[Dataset entries]
+---+

definition grid_adj :: "vert \<Rightarrow> vert \<Rightarrow> bool" where
  "grid_adj p q \<longleftrightarrow> l1 p q = 1"

text \<open>Signed measures on the finite set V(Gr_n) are represented by their
  point masses mu :: vert => real (vanishing off V(Gr_n)); mu(A) = sum over A.\<close>
definition meas :: "(vert \<Rightarrow> real) \<Rightarrow> vert set \<Rightarrow> real" where
  "meas mu A = (\<Sum>v\<in>A. mu v)"

definition supp :: "(vert \<Rightarrow> real) \<Rightarrow> vert set" where
  "supp mu = {v. mu v \<noteq> 0}"

definition diam :: "vert set \<Rightarrow> real" where
  "diam S = (if S = {} then 0 else Max {l1 x y | x y. x \<in> S \<and> y \<in> S})"

definition setdist :: "vert set \<Rightarrow> vert set \<Rightarrow> real" where
  "setdist S S' = (if S = {} \<or> S' = {} then 0 else Min {l1 x y | x y. x \<in> S \<and> y \<in> S'})"

definition tc_norm :: "nat \<Rightarrow> (vert \<Rightarrow> real) \<Rightarrow> real" where
  "tc_norm n mu = Inf {(\<Sum>i<m. a i * l1 (x i) (y i)) | (m::nat) (a::nat \<Rightarrow> real) (x::nat \<Rightarrow> vert) (y::nat \<Rightarrow> vert).
      (\<forall>i<m. a i \<ge> 0 \<and> x i \<in> grid_V n \<and> y i \<in> grid_V n) \<and>
      (\<forall>v. mu v = (\<Sum>i<m. a i * ((if v = x i then 1 else 0) - (if v = y i then 1 else 0))))}"

definition induces_connected :: "vert set \<Rightarrow> bool" where
  "induces_connected W \<longleftrightarrow> (\<forall>p\<in>W. \<forall>q\<in>W. \<exists>ps. ps \<noteq> [] \<and> hd ps = p \<and> last ps = q \<and>
      set ps \<subseteq> W \<and> (\<forall>i. Suc i < length ps \<longrightarrow> grid_adj (ps ! i) (ps ! Suc i)))"

definition index_T :: "nat \<Rightarrow> nat list set" where
  "index_T n = {t. set t \<subseteq> {1,2,3,4} \<and> length t \<le> n - 2}"

end

theory Submission
  imports Defs
begin

text \<open>A word t in {1,2,3,4}^k addresses, digit by digit through quadrants, one of the 4^k dyadic
  squares Q_t of side 4q = 2^(n-k). The measure mu_t puts mass 4^(-n) on each of the q lattice
  points of a vertical segment through the centre of Q_t and mass -4^(-n) on the q points right
  above them. Segments of one level lie in different squares, and segments of different levels
  lie on vertical lines whose x-coordinates have different 2-adic valuations; this separates the
  supports. Pairing mu_t with the 1-Lipschitz function -y shows that moving the positive half onto
  the negative one costs at least 4^(-n) q^2 = 4^(-k)/16. Any set A meets each half in at most
  min(q, diam A + 1) points, which bounds the masses mu_t(A).\<close>

lemma finite_grid_V [simp]: "finite (grid_V n)"
  by (simp add: grid_V_def)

+---+

(What is required): Starting at the top of the records, copy every line exactly.

(Task result):
definition grid_adj :: "vert \<Rightarrow> vert \<Rightarrow> bool" where
  "grid_adj p q \<longleftrightarrow> l1 p q = 1"

text \<open>Signed measures on the finite set V(Gr_n) are represented by their
  point masses mu :: vert => real (vanishing off V(Gr_n)); mu(A) = sum over A.\<close>
definition meas :: "(vert \<Rightarrow> real) \<Rightarrow> vert set \<Rightarrow> real" where
  "meas mu A = (\<Sum>v\<in>A. mu v)"

definition supp :: "(vert \<Rightarrow> real) \<Rightarrow> vert set" where
  "supp mu = {v. mu v \<noteq> 0}"

definition diam :: "vert set \<Rightarrow> real" where
  "diam S = (if S = {} then 0 else Max {l1 x y | x y. x \<in> S \<and> y \<in> S})"

definition setdist :: "vert set \<Rightarrow> vert set \<Rightarrow> real" where
  "setdist S S' = (if S = {} \<or> S' = {} then 0 else Min {l1 x y | x y. x \<in> S \<and> y \<in> S'})"

definition tc_norm :: "nat \<Rightarrow> (vert \<Rightarrow> real) \<Rightarrow> real" where
  "tc_norm n mu = Inf {(\<Sum>i<m. a i * l1 (x i) (y i)) | (m::nat) (a::nat \<Rightarrow> real) (x::nat \<Rightarrow> vert) (y::nat \<Rightarrow> vert).
      (\<forall>i<m. a i \<ge> 0 \<and> x i \<in> grid_V n \<and> y i \<in> grid_V n) \<and>
      (\<forall>v. mu v = (\<Sum>i<m. a i * ((if v = x i then 1 else 0) - (if v = y i then 1 else 0))))}"

definition induces_connected :: "vert set \<Rightarrow> bool" where
  "induces_connected W \<longleftrightarrow> (\<forall>p\<in>W. \<forall>q\<in>W. \<exists>ps. ps \<noteq> [] \<and> hd ps = p \<and> last ps = q \<and>
      set ps \<subseteq> W \<and> (\<forall>i. Suc i < length ps \<longrightarrow> grid_adj (ps ! i) (ps ! Suc i)))"

definition index_T :: "nat \<Rightarrow> nat list set" where
  "index_T n = {t. set t \<subseteq> {1,2,3,4} \<and> length t \<le> n - 2}"

end

theory Submission
  imports Defs
begin

text \<open>A word t in {1,2,3,4}^k addresses, digit by digit through quadrants, one of the 4^k dyadic
  squares Q_t of side 4q = 2^(n-k). The measure mu_t puts mass 4^(-n) on each of the q lattice
  points of a vertical segment through the centre of Q_t and mass -4^(-n) on the q points right
  above them. Segments of one level lie in different squares, and segments of different levels
  lie on vertical lines whose x-coordinates have different 2-adic valuations; this separates the
  supports. Pairing mu_t with the 1-Lipschitz function -y shows that moving the positive half onto
  the negative one costs at least 4^(-n) q^2 = 4^(-k)/16. Any set A meets each half in at most
  min(q, diam A + 1) points, which bounds the masses mu_t(A).\<close>

lemma finite_grid_V [simp]: "finite (grid_V n)"
  by (simp add: grid_V_def)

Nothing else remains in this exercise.